WHAT NEEDS TO BE DONE: Could you set down exactly the lines of the data below, starting at the one that holds "x y\<bar>) H)^2" and ending at the one that holds "define r where", both included, and only those?

THE DATA:
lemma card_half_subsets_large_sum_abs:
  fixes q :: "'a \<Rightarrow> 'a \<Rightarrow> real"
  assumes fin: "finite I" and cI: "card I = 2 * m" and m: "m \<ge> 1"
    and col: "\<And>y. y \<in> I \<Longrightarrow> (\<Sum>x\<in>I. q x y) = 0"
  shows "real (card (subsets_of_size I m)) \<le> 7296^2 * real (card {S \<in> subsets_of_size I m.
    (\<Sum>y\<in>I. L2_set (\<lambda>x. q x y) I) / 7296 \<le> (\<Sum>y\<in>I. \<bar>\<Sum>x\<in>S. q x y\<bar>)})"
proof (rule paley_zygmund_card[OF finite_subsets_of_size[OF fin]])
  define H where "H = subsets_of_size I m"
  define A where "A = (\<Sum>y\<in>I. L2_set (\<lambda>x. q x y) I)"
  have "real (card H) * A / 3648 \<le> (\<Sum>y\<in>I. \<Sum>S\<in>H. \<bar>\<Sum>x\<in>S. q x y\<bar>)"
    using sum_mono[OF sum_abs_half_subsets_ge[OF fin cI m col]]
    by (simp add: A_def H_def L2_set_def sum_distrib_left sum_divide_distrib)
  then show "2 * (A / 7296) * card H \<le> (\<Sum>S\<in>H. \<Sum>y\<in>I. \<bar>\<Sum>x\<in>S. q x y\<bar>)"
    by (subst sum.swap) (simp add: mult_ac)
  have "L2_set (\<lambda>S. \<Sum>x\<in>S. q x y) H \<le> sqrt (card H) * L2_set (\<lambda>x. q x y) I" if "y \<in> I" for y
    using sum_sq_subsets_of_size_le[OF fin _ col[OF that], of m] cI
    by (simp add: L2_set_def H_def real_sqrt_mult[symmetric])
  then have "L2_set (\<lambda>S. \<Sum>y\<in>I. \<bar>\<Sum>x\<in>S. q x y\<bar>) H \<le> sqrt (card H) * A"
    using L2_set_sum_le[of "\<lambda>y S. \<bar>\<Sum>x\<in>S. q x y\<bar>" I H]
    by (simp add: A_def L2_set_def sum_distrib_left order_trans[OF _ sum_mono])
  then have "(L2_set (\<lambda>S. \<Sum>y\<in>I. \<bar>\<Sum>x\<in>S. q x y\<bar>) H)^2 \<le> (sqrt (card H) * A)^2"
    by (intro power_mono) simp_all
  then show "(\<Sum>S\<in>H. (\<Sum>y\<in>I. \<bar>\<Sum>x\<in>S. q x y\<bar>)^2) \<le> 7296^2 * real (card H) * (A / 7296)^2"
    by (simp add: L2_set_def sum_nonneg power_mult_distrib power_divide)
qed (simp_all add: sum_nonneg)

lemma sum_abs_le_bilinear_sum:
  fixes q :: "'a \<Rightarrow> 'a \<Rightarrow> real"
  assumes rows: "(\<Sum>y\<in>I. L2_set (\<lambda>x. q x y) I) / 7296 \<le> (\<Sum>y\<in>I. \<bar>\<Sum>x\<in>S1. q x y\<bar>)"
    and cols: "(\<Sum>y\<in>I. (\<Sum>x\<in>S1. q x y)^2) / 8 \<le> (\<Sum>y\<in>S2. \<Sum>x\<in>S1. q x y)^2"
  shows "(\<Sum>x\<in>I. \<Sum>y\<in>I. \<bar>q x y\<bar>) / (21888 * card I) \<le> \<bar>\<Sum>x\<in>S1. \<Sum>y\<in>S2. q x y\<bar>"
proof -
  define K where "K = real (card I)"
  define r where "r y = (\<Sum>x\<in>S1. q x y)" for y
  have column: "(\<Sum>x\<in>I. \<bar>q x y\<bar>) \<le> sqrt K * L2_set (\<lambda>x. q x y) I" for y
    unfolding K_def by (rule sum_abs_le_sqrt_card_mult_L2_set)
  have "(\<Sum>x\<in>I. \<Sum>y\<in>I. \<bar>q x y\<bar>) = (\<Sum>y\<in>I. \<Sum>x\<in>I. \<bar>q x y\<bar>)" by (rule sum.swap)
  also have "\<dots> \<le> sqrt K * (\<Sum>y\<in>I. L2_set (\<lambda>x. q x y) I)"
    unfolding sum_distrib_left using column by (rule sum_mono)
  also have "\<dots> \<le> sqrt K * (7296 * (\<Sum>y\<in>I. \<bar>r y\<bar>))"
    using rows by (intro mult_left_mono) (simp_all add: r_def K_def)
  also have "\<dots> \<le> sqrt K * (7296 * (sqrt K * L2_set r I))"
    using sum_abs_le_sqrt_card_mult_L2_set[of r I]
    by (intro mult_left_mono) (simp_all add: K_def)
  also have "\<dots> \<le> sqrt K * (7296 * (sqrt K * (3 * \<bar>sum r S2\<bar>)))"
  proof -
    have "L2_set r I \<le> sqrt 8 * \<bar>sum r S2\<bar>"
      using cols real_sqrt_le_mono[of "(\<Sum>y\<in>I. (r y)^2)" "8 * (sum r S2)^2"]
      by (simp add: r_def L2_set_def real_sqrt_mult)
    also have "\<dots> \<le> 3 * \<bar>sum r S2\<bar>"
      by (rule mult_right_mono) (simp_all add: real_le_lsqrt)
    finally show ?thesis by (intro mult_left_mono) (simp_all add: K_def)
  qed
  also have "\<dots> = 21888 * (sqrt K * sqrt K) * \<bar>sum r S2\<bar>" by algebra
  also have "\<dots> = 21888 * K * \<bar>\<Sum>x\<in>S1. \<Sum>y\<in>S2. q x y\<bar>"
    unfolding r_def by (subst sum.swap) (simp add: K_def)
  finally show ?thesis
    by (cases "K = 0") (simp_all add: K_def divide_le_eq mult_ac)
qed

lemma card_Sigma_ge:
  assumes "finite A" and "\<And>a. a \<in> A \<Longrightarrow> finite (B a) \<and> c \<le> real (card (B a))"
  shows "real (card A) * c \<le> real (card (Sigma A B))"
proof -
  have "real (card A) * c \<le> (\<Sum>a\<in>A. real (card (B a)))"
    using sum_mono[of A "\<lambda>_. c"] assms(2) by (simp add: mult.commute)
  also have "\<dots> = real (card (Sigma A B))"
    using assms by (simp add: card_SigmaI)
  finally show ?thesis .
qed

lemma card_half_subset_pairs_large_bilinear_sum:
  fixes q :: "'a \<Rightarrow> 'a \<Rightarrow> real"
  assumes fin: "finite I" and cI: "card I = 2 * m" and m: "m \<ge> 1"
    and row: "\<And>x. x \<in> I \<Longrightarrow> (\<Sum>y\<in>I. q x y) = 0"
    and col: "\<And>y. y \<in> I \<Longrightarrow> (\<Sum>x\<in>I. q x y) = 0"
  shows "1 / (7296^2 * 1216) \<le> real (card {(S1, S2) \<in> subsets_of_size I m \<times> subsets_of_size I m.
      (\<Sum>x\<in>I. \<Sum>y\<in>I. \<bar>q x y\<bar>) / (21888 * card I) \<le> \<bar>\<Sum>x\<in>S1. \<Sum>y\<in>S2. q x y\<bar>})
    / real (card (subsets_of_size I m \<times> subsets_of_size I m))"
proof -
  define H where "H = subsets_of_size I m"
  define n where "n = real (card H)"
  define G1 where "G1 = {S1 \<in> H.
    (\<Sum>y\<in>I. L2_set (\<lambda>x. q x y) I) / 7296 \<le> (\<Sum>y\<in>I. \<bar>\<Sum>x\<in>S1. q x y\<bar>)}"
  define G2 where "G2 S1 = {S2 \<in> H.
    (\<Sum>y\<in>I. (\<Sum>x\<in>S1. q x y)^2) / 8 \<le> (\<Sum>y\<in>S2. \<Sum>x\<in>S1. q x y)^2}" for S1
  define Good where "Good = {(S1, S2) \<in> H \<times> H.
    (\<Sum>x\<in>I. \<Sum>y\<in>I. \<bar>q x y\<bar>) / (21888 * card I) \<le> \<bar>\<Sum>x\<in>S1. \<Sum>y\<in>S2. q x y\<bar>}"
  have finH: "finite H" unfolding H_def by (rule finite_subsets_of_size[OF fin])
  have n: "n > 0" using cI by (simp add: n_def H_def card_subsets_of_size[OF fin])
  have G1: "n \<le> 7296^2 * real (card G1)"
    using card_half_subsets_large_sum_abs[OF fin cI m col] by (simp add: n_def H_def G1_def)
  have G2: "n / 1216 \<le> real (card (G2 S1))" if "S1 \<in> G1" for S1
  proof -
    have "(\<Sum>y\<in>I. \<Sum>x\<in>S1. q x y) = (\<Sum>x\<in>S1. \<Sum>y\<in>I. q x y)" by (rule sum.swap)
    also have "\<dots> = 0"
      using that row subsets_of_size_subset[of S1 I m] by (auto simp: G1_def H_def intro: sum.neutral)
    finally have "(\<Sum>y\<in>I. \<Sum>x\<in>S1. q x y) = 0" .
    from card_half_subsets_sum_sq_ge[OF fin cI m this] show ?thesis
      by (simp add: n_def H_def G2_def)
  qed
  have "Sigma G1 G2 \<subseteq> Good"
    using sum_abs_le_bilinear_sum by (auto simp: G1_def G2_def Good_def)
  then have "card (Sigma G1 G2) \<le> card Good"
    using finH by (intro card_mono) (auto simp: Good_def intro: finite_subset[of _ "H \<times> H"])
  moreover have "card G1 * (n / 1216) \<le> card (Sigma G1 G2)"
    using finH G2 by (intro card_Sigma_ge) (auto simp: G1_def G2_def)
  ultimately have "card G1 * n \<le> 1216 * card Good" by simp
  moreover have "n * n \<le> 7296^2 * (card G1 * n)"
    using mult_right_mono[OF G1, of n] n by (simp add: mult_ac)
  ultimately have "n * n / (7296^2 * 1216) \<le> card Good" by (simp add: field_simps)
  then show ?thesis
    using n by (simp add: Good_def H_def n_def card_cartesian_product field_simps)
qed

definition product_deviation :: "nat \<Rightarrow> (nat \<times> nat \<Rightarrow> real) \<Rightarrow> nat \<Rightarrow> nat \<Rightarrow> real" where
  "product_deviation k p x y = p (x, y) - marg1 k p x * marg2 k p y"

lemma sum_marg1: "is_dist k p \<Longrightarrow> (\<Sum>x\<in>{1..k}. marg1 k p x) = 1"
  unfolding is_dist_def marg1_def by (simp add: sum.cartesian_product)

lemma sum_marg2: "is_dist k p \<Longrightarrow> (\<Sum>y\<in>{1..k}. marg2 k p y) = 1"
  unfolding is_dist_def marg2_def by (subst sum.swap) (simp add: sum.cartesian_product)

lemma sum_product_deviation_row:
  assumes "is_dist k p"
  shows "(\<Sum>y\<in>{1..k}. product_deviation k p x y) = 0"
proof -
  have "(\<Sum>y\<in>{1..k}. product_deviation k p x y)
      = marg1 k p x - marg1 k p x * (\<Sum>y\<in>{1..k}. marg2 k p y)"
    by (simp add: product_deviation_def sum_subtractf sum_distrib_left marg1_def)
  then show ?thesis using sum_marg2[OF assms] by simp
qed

RESPONSE TO THE EXERCISE:
  then have "(L2_set (\<lambda>S. \<Sum>y\<in>I. \<bar>\<Sum>x\<in>S. q x y\<bar>) H)^2 \<le> (sqrt (card H) * A)^2"
    by (intro power_mono) simp_all
  then show "(\<Sum>S\<in>H. (\<Sum>y\<in>I. \<bar>\<Sum>x\<in>S. q x y\<bar>)^2) \<le> 7296^2 * real (card H) * (A / 7296)^2"
    by (simp add: L2_set_def sum_nonneg power_mult_distrib power_divide)
qed (simp_all add: sum_nonneg)

lemma sum_abs_le_bilinear_sum:
  fixes q :: "'a \<Rightarrow> 'a \<Rightarrow> real"
  assumes rows: "(\<Sum>y\<in>I. L2_set (\<lambda>x. q x y) I) / 7296 \<le> (\<Sum>y\<in>I. \<bar>\<Sum>x\<in>S1. q x y\<bar>)"
    and cols: "(\<Sum>y\<in>I. (\<Sum>x\<in>S1. q x y)^2) / 8 \<le> (\<Sum>y\<in>S2. \<Sum>x\<in>S1. q x y)^2"
  shows "(\<Sum>x\<in>I. \<Sum>y\<in>I. \<bar>q x y\<bar>) / (21888 * card I) \<le> \<bar>\<Sum>x\<in>S1. \<Sum>y\<in>S2. q x y\<bar>"
proof -
  define K where "K = real (card I)"
  define r where "r y = (\<Sum>x\<in>S1. q x y)" for y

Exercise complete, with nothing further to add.